Information about how sex works from an anatomical perspective will not prepare students for real-life scenarios where they need to make informed decisions about what they want or do not want to do, health educators tell us—and this is where lessons about consent come in.

“Consent education in and of itself does not have to be about hookup culture or premarital sex,” says Laura McGuire, a Florida-based sexuality educator and former middle and high school teacher. And regardless of religious values, McGuire explains, students will need to know about consent because “even when they get married, right, don’t you want them to have this foundation of what it means to interact with the other person intimately?”

Honoring Students’ Diverse Sexualities

Human sexuality is everything “connected meaningfully to issues of sex, gender, and reproduction,” says Roffman. She stresses that the common discourse around sex is still very limited because “if we think about the way we define the word sex still as penis and vagina, look what that says to gay kids: ‘All right. You don’t exist, you don’t have sex, you don’t have sexuality.’”

For teachers like McGuire and Byars who live in states like Florida and Alabama that recently passed laws that would ban discussion around sexual orientation and gender—and restrict health care for trans youth—implementing an inclusive and comprehensive sex ed curriculum is one way they say they’re showing up for their marginalized students, especially trans students, to help them feel safe and included.

Geoffrey Carlisle, a middle school science teacher in Austin, Texas, says he was motivated to teach sex ed partly because of his “damaging experience” with the subject. “The first time a teacher ever acknowledged that queer people like me existed was when my eighth-grade health science teacher said that gay men are the ones who get HIV and it’s fatal,” says Carlisle. “Then she just moved on, and I never had another teacher talk about LGBTQ+ people until I was in college.”

Failing to recognize diverse sexualities drives up rates of depression, leaves the door open to bullying and violence, and leads to higher rates of dropping out and suicide in the LGBTQ+ community, according to a 2021 survey by the Trevor Project. With those statistics in mind, Carlisle’s first priority is to create a learning environment where students across gender, sex, and sexuality spectrums feel seen and valued. “A pitfall that some curriculums fall into is only presenting relationships or individuals in these curriculums as cisgender and heterosexual,” he says.
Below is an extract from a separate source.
(* Suppose $\boldsymbol{\phi}\in\mathcal{D}_{\boldsymbol{\phi}}(\boldsymbol{r})$ satisfies condition (SC). Then for any $(a,k)\in\mathcal{S}$ and $i\in\mathcal{V}$: if $\phi_{i0}(a,k)>0$ then $\frac{\partial T}{\partial t_i(a,k)}\ge\frac{\partial T}{\partial t_i(a,k+1)}$; and for all $j\in\mathcal{V}$ with $(i,j)\in\mathcal{E}$ and $\phi_{ij}(a,k)>0$, $\frac{\partial T}{\partial t_i(a,k)}\ge\frac{\partial T}{\partial t_j(a,k)}$. Moreover, if $t_i(a,k)>0$, both inequalities hold strictly.
   Context: Service-chain computing network model. $\mathcal{G}=(\mathcal{V},\mathcal{E})$ is a directed, strongly connected graph whose links are bidirectional ($(i,j)\in\mathcal{E}\Rightarrow(j,i)\in\mathcal{E}$). $\mathcal{A}$ is a finite set of applications; application $a$ has a destination $d_a\in\mathcal{V}$ and a chain of $|\mathcal{T}_a|$ tasks performed in order. The set of stages is $\mathcal{S}=\{(a,k): a\in\mathcal{A}, k=0,1,\dots,|\mathcal{T}_a|\}$; stage $(a,k)$ denotes packets that have completed the first $k$ tasks of $a$, and has packet size $L_{(a,k)}>0$. Exogenous input rates are $r_i(a)\ge 0$ (stage $(a,0)$ packets injected at node $i$), $\boldsymbol{r}=[r_i(a)]$. The forwarding strategy $\boldsymbol{\phi}=[\phi_{ij}(a,k)]_{(a,k)\in\mathcal{S},i\in\mathcal{V},j\in\{0\}\cup\mathcal{V}}$ has $\phi_{ij}(a,k)\in[0,1]$; for $j\in\mathcal{V}$ it is the fraction of node $i$'s stage-$(a,k)$ traffic sent to node $j$ (with $\phi_{ij}(a,k)=0$ if $(i,j)\notin\mathcal{E}$), and $\phi_{i0}(a,k)$ is the fraction sent to $i$'s local processor, which converts each stage-$(a,k)$ packet into one stage-$(a,k+1)$ packet; $\phi_{i0}(a,|\mathcal{T}_a|)=0$. Flow conservation: $\sum_{j\in\{0\}\cup\mathcal{V}}\phi_{ij}(a,k)=0$ if $k=|\mathcal{T}_a|$ and $i=d_a$, and $=1$ otherwise. Traffic $t_i(a,k)$ satisfies $t_i(a,0)=\sum_{j\in\mathcal{V}}t_j(a,0)\phi_{ji}(a,0)+r_i(a)$ and, for $k\ge1$, $t_i(a,k)=\sum_{j\in\mathcal{V}}t_j(a,k)\phi_{ji}(a,k)+t_i(a,k-1)\phi_{i0}(a,k-1)$. Link flows $f_{ij}(a,k)=t_i(a,k)\phi_{ij}(a,k)$, processor inputs $g_i(a,k)=t_i(a,k)\phi_{i0}(a,k)$, total link flow $F_{ij}=\sum_{(a,k)\in\mathcal{S}}L_{(a,k)}f_{ij}(a,k)$, computation workload $G_i=\sum_{(a,k)\in\mathcal{S}}w_i(a,k)g_i(a,k)$ with weights $w_i(a,k)>0$. Link costs $D_{ij}(\cdot)$ and computation costs $C_i(\cdot)$ are (strictly) increasing, continuously differentiable, convex functions (possibly taking value $+\infty$ outside a domain). Total cost $T(\boldsymbol{\phi})=\sum_{(i,j)\in\mathcal{E}}D_{ij}(F_{ij})+\sum_{i\in\mathcal{V}}C_i(G_i)$. The feasible set $\mathcal{D}_{\boldsymbol{\phi}}(\boldsymbol{r})$ consists of $\boldsymbol{\phi}$ satisfying flow conservation with all $D_{ij}(F_{ij})<\infty$ and $C_i(G_i)<\infty$. Marginal quantities: $\partial T/\partial t_i(a,k)$ is the marginal total cost of an additional exogenous injection of stage-$(a,k)$ traffic at node $i$ (with $\boldsymbol{\phi}$ fixed); it satisfies $\partial T/\partial t_{d_a}(a,|\mathcal{T}_a|)=0$, for $k=|\mathcal{T}_a|$: $\frac{\partial T}{\partial t_i(a,k)}=\sum_{j\in\mathcal{V}}\phi_{ij}(a,k)\big(L_{(a,k)}D'_{ij}(F_{ij})+\frac{\partial T}{\partial t_j(a,k)}\big)$, and for $k<|\mathcal{T}_a|$: $\frac{\partial T}{\partial t_i(a,k)}=\phi_{i0}(a,k)\big(w_i(a,k)C'_i(G_i)+\frac{\partial T}{\partial t_i(a,k+1)}\big)+\sum_{j\in\mathcal{V}}\phi_{ij}(a,k)\big(L_{(a,k)}D'_{ij}(F_{ij})+\frac{\partial T}{\partial t_j(a,k)}\big)$. Modified marginals: $\delta_{ij}(a,k)=L_{(a,k)}D'_{ij}(F_{ij})+\frac{\partial T}{\partial t_j(a,k)}$ for $j\in\mathcal{V}$ with $(i,j)\in\mathcal{E}$, $\delta_{i0}(a,k)=w_i(a,k)C'_i(G_i)+\frac{\partial T}{\partial t_i(a,k+1)}$ for $k<|\mathcal{T}_a|$, and $\delta_{ij}(a,k)=\infty$ for $(i,j)\notin\mathcal{E}$ and $\delta_{i0}(a,|\mathcal{T}_a|)=\infty$. Condition (SC): for all $i\in\mathcal{V}$, $j\in\{0\}\cup\mathcal{V}$, $(a,k)\in\mathcal{S}$, $\delta_{ij}(a,k)=\min_{j'\in\{0\}\cup\mathcal{V}}\delta_{ij'}(a,k)$ if $\phi_{ij}(a,k)>0$ and $\delta_{ij}(a,k)\ge\min_{j'}\delta_{ij'}(a,k)$ if $\phi_{ij}(a,k)=0$. *)

theory Defs
  imports "HOL-Analysis.Analysis"
begin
In fact, behavioral and community health researchers who studied sex ed programs in 11 states found that when students had access to LGBTQ+ inclusive sex ed programs, there were fewer reports of homophobia-related bullying—and more positive mental health outcomes for all students on campus.

Inset_SexEd_LGBTQ-inclusion
© Edutopia

Today, it’s more important than ever to provide sex ed that addresses diverse genders and sexualities, as this generation has the highest rates of LGBTQ+ identity, McGuire says. “Our students are smart enough with the advent of the internet that they can connect with each other and educate each other and say to educators, ‘Wait a minute, this is not OK. This is not including my experience.’”

It is an enormous responsibility to teach inclusive sex ed when there’s a lack of support from state legislators, but Byars hopes teachers will not give up and will continue to advocate for their students, making sure that if they’re not protected elsewhere, they’re safe in the classroom. “This anti-trans legislation that Alabama is facing right now [which would criminalize offering hormone treatments to trans youth]—it’s worse than it was when I was growing up as a trans, nonbinary, and intersex child. And the best thing I can do from my perspective is be an advocate and an ally for them.”